**BRIEF**
Where the word "generating" appears in a line below, copy the whole line.

**SOURCE MATERIAL**

(* Let $\mathcal{F}\subset L_2([0,1])$ and let $(\mathcal{E},\mathcal{D})$ be a compression code for $\mathcal{F}$ operating at rate $r$ and distortion $\delta$, with codebook $\mathcal{C}$. Let $W_1,\dots,W_d$ be independent standard Wiener processes on $[0,1]$ and define $\mathcal{A}:L_2([0,1])\to\mathbb{R}^d$ by $\mathcal{A}(f)_i=\int_0^1 f(t)\,dW_i(t)$. For $f_o\in\mathcal{F}$ let ${\bf y}_o=\mathcal{A}(f_o)+{\bf z}$, where ${\bf z}\in\mathbb{R}^d$ (possibly depending on the Wiener processes and $f_o$) satisfies $\|{\bf z}\|_2\le\zeta$, and let $\hat f_o$ be any element of $\arg\min_{g\in\mathcal{C}}\|{\bf y}_o-\mathcal{A}(g)\|_2^2$. Then for arbitrary $\tau_1>0$ and $\tau_2\in(0,1)$, \[ \|\hat f_o-f_o\|_2\le\delta\sqrt{\frac{1+\tau_1}{1-\tau_2}}+\frac{2\zeta}{\sqrt{(1-\tau_2)d}} \] with probability exceeding \[ 1-2^{r}{\rm e}^{\frac d2(\tau_2+\log(1-\tau_2))}-{\rm e}^{-\frac d2(\tau_1-\log(1+\tau_1))}. \]
   Context: $L_2([0,1])$ is the set of real functions on $[0,1]$ with $\|f\|_2=(\int_0^1 f(t)^2dt)^{1/2}<\infty$; the integrals are Itô integrals. A compression code for $\mathcal{F}$ at rate $r$ is a pair of maps $\mathcal{E}:\mathcal{F}\to\{1,\dots,2^r\}$, $\mathcal{D}:\{1,\dots,2^r\}\to L_2([0,1])$; its codebook is $\mathcal{C}=\{\mathcal{D}(\mathcal{E}(f)):f\in\mathcal{F}\}$ and its distortion is $\delta=\sup_{f\in\mathcal{F}}\|f-\mathcal{D}(\mathcal{E}(f))\|_2$. $\log$ is the natural logarithm. The probability is over the Wiener processes. *)

theory Defs
  imports "HOL-Probability.Probability"
begin

definition in_L2 :: "(real \<Rightarrow> real) \<Rightarrow> bool" where
  "in_L2 f \<longleftrightarrow> set_borel_measurable lborel {0..1} f
     \<and> set_integrable lborel {0..1} (\<lambda>t. (f t)\<^sup>2)"

definition L2norm :: "(real \<Rightarrow> real) \<Rightarrow> real" where
  "L2norm f = sqrt (LINT t:{0..1}|lborel. (f t)\<^sup>2)"

definition compression_code ::
  "(real \<Rightarrow> real) set \<Rightarrow> nat \<Rightarrow> ((real \<Rightarrow> real) \<Rightarrow> nat) \<Rightarrow> (nat \<Rightarrow> (real \<Rightarrow> real)) \<Rightarrow> bool" where
  "compression_code F r E D \<longleftrightarrow>
     (\<forall>f\<in>F. E f \<in> {1..2^r}) \<and> (\<forall>k\<in>{1..2^r}. in_L2 (D k))"

definition codebook ::
  "(real \<Rightarrow> real) set \<Rightarrow> ((real \<Rightarrow> real) \<Rightarrow> nat) \<Rightarrow> (nat \<Rightarrow> (real \<Rightarrow> real)) \<Rightarrow> (real \<Rightarrow> real) set" where
  "codebook F E D = {D (E f) | f. f \<in> F}"

definition distortion ::
  "(real \<Rightarrow> real) set \<Rightarrow> ((real \<Rightarrow> real) \<Rightarrow> nat) \<Rightarrow> (nat \<Rightarrow> (real \<Rightarrow> real)) \<Rightarrow> ereal" where
  "distortion F E D = (SUP f\<in>F. ereal (L2norm (\<lambda>t. f t - D (E f) t)))"

definition std_wiener :: "'a measure \<Rightarrow> ('a \<Rightarrow> real \<Rightarrow> real) \<Rightarrow> bool" where
  "std_wiener M X \<longleftrightarrow>
     (\<forall>t\<in>{0..1}. (\<lambda>\<omega>. X \<omega> t) \<in> borel_measurable M)
   \<and> (AE \<omega> in M. X \<omega> 0 = 0)
   \<and> (AE \<omega> in M. continuous_on {0..1} (X \<omega>))
   \<and> (\<forall>s t. 0 \<le> s \<and> s < t \<and> t \<le> 1 \<longrightarrow>
        distributed M lborel (\<lambda>\<omega>. X \<omega> t - X \<omega> s) (\<lambda>x. ennreal (normal_density 0 (sqrt (t - s)) x)))
   \<and> (\<forall>(ts :: nat \<Rightarrow> real) n. 0 \<le> ts 0 \<and> ts n \<le> 1 \<and> (\<forall>k<n. ts k < ts (Suc k)) \<longrightarrow>
        prob_space.indep_vars M (\<lambda>_. borel) (\<lambda>k \<omega>. X \<omega> (ts (Suc k)) - X \<omega> (ts k)) {..<n})"

definition partition01 :: "nat \<Rightarrow> (nat \<Rightarrow> real) \<Rightarrow> bool" where
  "partition01 n ts \<longleftrightarrow> ts 0 = 0 \<and> ts n = 1 \<and> (\<forall>k<n. ts k < ts (Suc k))"

definition stepfun :: "nat \<Rightarrow> (nat \<Rightarrow> real) \<Rightarrow> (nat \<Rightarrow> real) \<Rightarrow> real \<Rightarrow> real" where
  "stepfun n ts c t = (\<Sum>k<n. c k * indicator {ts k<..ts (Suc k)} t)"

definition stepint :: "('a \<Rightarrow> real \<Rightarrow> real) \<Rightarrow> nat \<Rightarrow> (nat \<Rightarrow> real) \<Rightarrow> (nat \<Rightarrow> real) \<Rightarrow> 'a \<Rightarrow> real" where
  "stepint X n ts c \<omega> = (\<Sum>k<n. c k * (X \<omega> (ts (Suc k)) - X \<omega> (ts k)))"

text \<open>Y is (a version of) the integral of f against X: the L2(M)-limit of the integrals of
  step functions converging to f in L2([0,1]).\<close>

definition wiener_integral ::
  "'a measure \<Rightarrow> ('a \<Rightarrow> real \<Rightarrow> real) \<Rightarrow> (real \<Rightarrow> real) \<Rightarrow> ('a \<Rightarrow> real) \<Rightarrow> bool" where
  "wiener_integral M X f Y \<longleftrightarrow> Y \<in> borel_measurable M \<and>
     (\<exists>(n :: nat \<Rightarrow> nat) ts c.
        (\<forall>m. partition01 (n m) (ts m))
      \<and> (\<lambda>m. L2norm (\<lambda>t. f t - stepfun (n m) (ts m) (c m) t)) \<longlonglongrightarrow> 0
      \<and> (\<lambda>m. \<integral>\<^sup>+ \<omega>. ennreal ((Y \<omega> - stepint X (n m) (ts m) (c m) \<omega>)\<^sup>2) \<partial>M) \<longlonglongrightarrow> 0)"

end

theory Submission
  imports Defs
begin

text \<open>
  For a codeword \<open>g\<close> the coordinates of \<open>A g - A f\<^sub>o\<close> are independent centred Gaussians of
  variance \<open>\<parallel>g - f\<^sub>o\<parallel>\<^sup>2\<close>, so \<open>\<parallel>A g - A f\<^sub>o\<parallel>\<^sup>2\<close> is \<open>\<parallel>g - f\<^sub>o\<parallel>\<^sup>2\<close> times a \<open>\<chi>\<^sup>2\<close> variable with
  \<open>d\<close> degrees of freedom, with moment generating function \<open>(1 - 2 c \<parallel>g - f\<^sub>o\<parallel>\<^sup>2) powr (-d/2)\<close>.
  This is computed exactly for step functions, whose stochastic integrals are finite combinations
  of independent Wiener increments, and survives as an upper bound in the \<open>L\<^sub>2\<close> limit by
  Fatou's lemma along an almost surely convergent subsequence.

  Chernoff bounds then show that, outside an event of the stated probability, the codeword
  \<open>g\<^sub>0 = D (E f\<^sub>o)\<close> satisfies \<open>\<parallel>A g\<^sub>0 - A f\<^sub>o\<parallel>\<^sup>2 \<le> (1 + \<tau>\<^sub>1) d \<delta>\<^sup>2\<close> while every other codeword
  satisfies \<open>\<parallel>A g - A f\<^sub>o\<parallel>\<^sup>2 \<ge> (1 - \<tau>\<^sub>2) d \<parallel>g - f\<^sub>o\<parallel>\<^sup>2\<close> (a union bound over at most \<open>2\<^sup>r\<close>
  codewords). On that event the minimality of \<open>fhat\<close> and the triangle inequality give
  \<open>\<parallel>A fhat - A f\<^sub>o\<parallel> \<le> \<parallel>A g\<^sub>0 - A f\<^sub>o\<parallel> + 2 \<zeta>\<close>, which rearranges to the claimed bound.
\<close>

section \<open>The moment generating function of a squared Gaussian\<close>

lemma nn_integral_normal_density_exp_square:
  assumes \<sigma>: "0 < \<sigma>" and l: "2 * l * \<sigma>\<^sup>2 < 1"
  shows "(\<integral>\<^sup>+x. ennreal (normal_density 0 \<sigma> x) * ennreal (exp (l * x\<^sup>2)) \<partial>lborel)
         = ennreal (1 / sqrt (1 - 2 * l * \<sigma>\<^sup>2))"
proof -
  define q where "q = 1 - 2 * l * \<sigma>\<^sup>2"
  have q: "0 < q" using l by (simp add: q_def)
  define \<sigma>' where "\<sigma>' = \<sigma> / sqrt q"
  have \<sigma>': "0 < \<sigma>'" using \<sigma> q by (simp add: \<sigma>'_def)
  \<comment> \<open>the factor \<open>exp (l x\<^sup>2)\<close> only rescales the variance, to \<open>\<sigma>\<^sup>2 / q\<close>\<close>
  have rescale: "normal_density 0 \<sigma> x * exp (l * x\<^sup>2) = 1 / sqrt q * normal_density 0 \<sigma>' x" for x
  proof -
    have var: "\<sigma>'\<^sup>2 = \<sigma>\<^sup>2 / q" using q by (simp add: \<sigma>'_def power_divide)
    have "- x\<^sup>2 / (2 * \<sigma>\<^sup>2) + l * x\<^sup>2 = - x\<^sup>2 / (2 * \<sigma>'\<^sup>2)"
      using \<sigma> q unfolding var q_def by (simp add: field_simps)
    then have "exp (- x\<^sup>2 / (2 * \<sigma>\<^sup>2)) * exp (l * x\<^sup>2) = exp (- x\<^sup>2 / (2 * \<sigma>'\<^sup>2))"
      by (simp add: mult_exp_exp)
    moreover have "1 / sqrt (2 * pi * \<sigma>\<^sup>2) = 1 / sqrt q * (1 / sqrt (2 * pi * \<sigma>'\<^sup>2))"
      using \<sigma> q unfolding var by (simp add: real_sqrt_divide real_sqrt_mult)
    ultimately show ?thesis
      unfolding normal_density_def by (simp add: mult.assoc)
  qed
  have "(\<integral>\<^sup>+x. ennreal (normal_density 0 \<sigma> x) * ennreal (exp (l * x\<^sup>2)) \<partial>lborel)
      = (\<integral>\<^sup>+x. ennreal (1 / sqrt q) * ennreal (normal_density 0 \<sigma>' x) \<partial>lborel)"
    using q by (intro nn_integral_cong) (simp add: rescale flip: ennreal_mult)
  also have "\<dots> = ennreal (1 / sqrt q) * (\<integral>\<^sup>+x. ennreal (normal_density 0 \<sigma>' x) \<partial>lborel)"
    by (rule nn_integral_cmult) simp
  also have "(\<integral>\<^sup>+x. ennreal (normal_density 0 \<sigma>' x) \<partial>lborel) = 1"
    using \<sigma>' by (subst nn_integral_eq_integral) (auto intro: integrable_normal_density)
  finally show ?thesis by (simp add: q_def)
qed

lemma (in prob_space) nn_integral_exp_square_normal:
  assumes "distributed M lborel X (normal_density 0 \<sigma>)" and "0 < \<sigma>" and "2 * l * \<sigma>\<^sup>2 < 1"
  shows "(\<integral>\<^sup>+\<omega>. ennreal (exp (l * (X \<omega>)\<^sup>2)) \<partial>M) = ennreal (1 / sqrt (1 - 2 * l * \<sigma>\<^sup>2))"
  using distributed_nn_integral[OF assms(1), of "\<lambda>x. ennreal (exp (l * x\<^sup>2))"]
    nn_integral_normal_density_exp_square[OF assms(2,3)] by simp

definition sq_integrable :: "'a measure \<Rightarrow> ('a \<Rightarrow> real) \<Rightarrow> bool" where
  "sq_integrable M f \<longleftrightarrow> f \<in> borel_measurable M \<and> integrable M (\<lambda>x. (f x)\<^sup>2)"

definition norm2 :: "'a measure \<Rightarrow> ('a \<Rightarrow> real) \<Rightarrow> real" where
  "norm2 M f = sqrt (\<integral>x. (f x)\<^sup>2 \<partial>M)"

lemma sq_integrable_imp_integrable_mult:
  assumes "sq_integrable M g" "sq_integrable M h"
  shows "integrable M (\<lambda>x. g x * h x)"
proof (rule Bochner_Integration.integrable_bound[where f="\<lambda>x. (g x)\<^sup>2 + (h x)\<^sup>2"])
  show "integrable M (\<lambda>x. (g x)\<^sup>2 + (h x)\<^sup>2)" "(\<lambda>x. g x * h x) \<in> borel_measurable M"
    using assms unfolding sq_integrable_def by auto
  have "\<bar>g x * h x\<bar> \<le> (g x)\<^sup>2 + (h x)\<^sup>2" for x
  proof -
    have "2 * (\<bar>g x\<bar> * \<bar>h x\<bar>) \<le> (g x)\<^sup>2 + (h x)\<^sup>2"
      using sum_squares_bound[of "\<bar>g x\<bar>" "\<bar>h x\<bar>"] by (simp add: mult.assoc)
    moreover have "0 \<le> \<bar>g x\<bar> * \<bar>h x\<bar>" by simp
    ultimately show ?thesis unfolding abs_mult by linarith
  qed
  then show "AE x in M. norm (g x * h x) \<le> norm ((g x)\<^sup>2 + (h x)\<^sup>2)" by simp
qed

lemma power2_sum_fun: "(\<lambda>x. (g x + h x)\<^sup>2) = (\<lambda>x. (g x)\<^sup>2 + 2 * (g x * h x) + (h x)\<^sup>2 :: real)"
  by (simp add: fun_eq_iff power2_sum algebra_simps)

lemma sq_integrable_add: "sq_integrable M g \<Longrightarrow> sq_integrable M h \<Longrightarrow> sq_integrable M (\<lambda>x. g x + h x)"
  using sq_integrable_imp_integrable_mult[of M g h]
  by (auto simp: sq_integrable_def power2_sum_fun)

lemma sq_integrable_diff: "sq_integrable M g \<Longrightarrow> sq_integrable M h \<Longrightarrow> sq_integrable M (\<lambda>x. g x - h x)"
  using sq_integrable_add[of M g "\<lambda>x. - h x"] by (simp add: sq_integrable_def)

lemma norm2_nonneg: "0 \<le> norm2 M f"
  unfolding norm2_def by simp

lemma norm2_minus_commute: "norm2 M (\<lambda>x. g x - h x) = norm2 M (\<lambda>x. h x - g x)"
  unfolding norm2_def by (simp add: power2_commute)

lemma integral_mult_le_norm2:
  assumes g: "sq_integrable M g" and h: "sq_integrable M h"
  shows "(\<integral>x. g x * h x \<partial>M) \<le> norm2 M g * norm2 M h"
proof -
  have [measurable]: "g \<in> borel_measurable M" "h \<in> borel_measurable M"
    and sq: "integrable M (\<lambda>x. (g x)\<^sup>2)" "integrable M (\<lambda>x. (h x)\<^sup>2)"
    using g h unfolding sq_integrable_def by auto
  have gh: "integrable M (\<lambda>x. \<bar>g x\<bar> * \<bar>h x\<bar>)"
    using sq_integrable_imp_integrable_mult[OF g h] by (simp flip: abs_mult)
  have nn_sq: "(\<integral>\<^sup>+x. ennreal \<bar>f x\<bar> ^ 2 \<partial>M) = ennreal (\<integral>x. (f x)\<^sup>2 \<partial>M)"
    if "integrable M (\<lambda>x. (f x)\<^sup>2)" for f
    using that by (simp add: ennreal_power nn_integral_eq_integral)
  have "ennreal (\<integral>x. \<bar>g x\<bar> * \<bar>h x\<bar> \<partial>M) ^ 2
      = (\<integral>\<^sup>+x. ennreal \<bar>g x\<bar> * ennreal \<bar>h x\<bar> \<partial>M)\<^sup>2"
    using gh by (simp add: nn_integral_eq_integral flip: ennreal_mult)
  also have "\<dots> \<le> (\<integral>\<^sup>+x. ennreal \<bar>g x\<bar> ^ 2 \<partial>M) * (\<integral>\<^sup>+x. ennreal \<bar>h x\<bar> ^ 2 \<partial>M)"
    by (rule Cauchy_Schwarz_nn_integral) measurable
  also have "\<dots> = ennreal ((\<integral>x. (g x)\<^sup>2 \<partial>M) * (\<integral>x. (h x)\<^sup>2 \<partial>M))"
    using sq by (simp add: nn_sq ennreal_mult)
  finally have "(\<integral>x. \<bar>g x\<bar> * \<bar>h x\<bar> \<partial>M)\<^sup>2 \<le> (\<integral>x. (g x)\<^sup>2 \<partial>M) * (\<integral>x. (h x)\<^sup>2 \<partial>M)"
    by (simp add: ennreal_power integral_nonneg_AE ennreal_le_iff)
  then have "(\<integral>x. \<bar>g x\<bar> * \<bar>h x\<bar> \<partial>M) \<le> norm2 M g * norm2 M h"
    unfolding norm2_def by (simp add: real_le_rsqrt flip: real_sqrt_mult)
  moreover have "(\<integral>x. g x * h x \<partial>M) \<le> (\<integral>x. \<bar>g x\<bar> * \<bar>h x\<bar> \<partial>M)"
    using sq_integrable_imp_integrable_mult[OF g h] gh by (intro integral_mono) (auto simp flip: abs_mult)
  ultimately show ?thesis by linarith
qed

**ANSWER SECTION**
  \<open>d\<close> degrees of freedom, with moment generating function \<open>(1 - 2 c \<parallel>g - f\<^sub>o\<parallel>\<^sup>2) powr (-d/2)\<close>.
section \<open>The moment generating function of a squared Gaussian\<close>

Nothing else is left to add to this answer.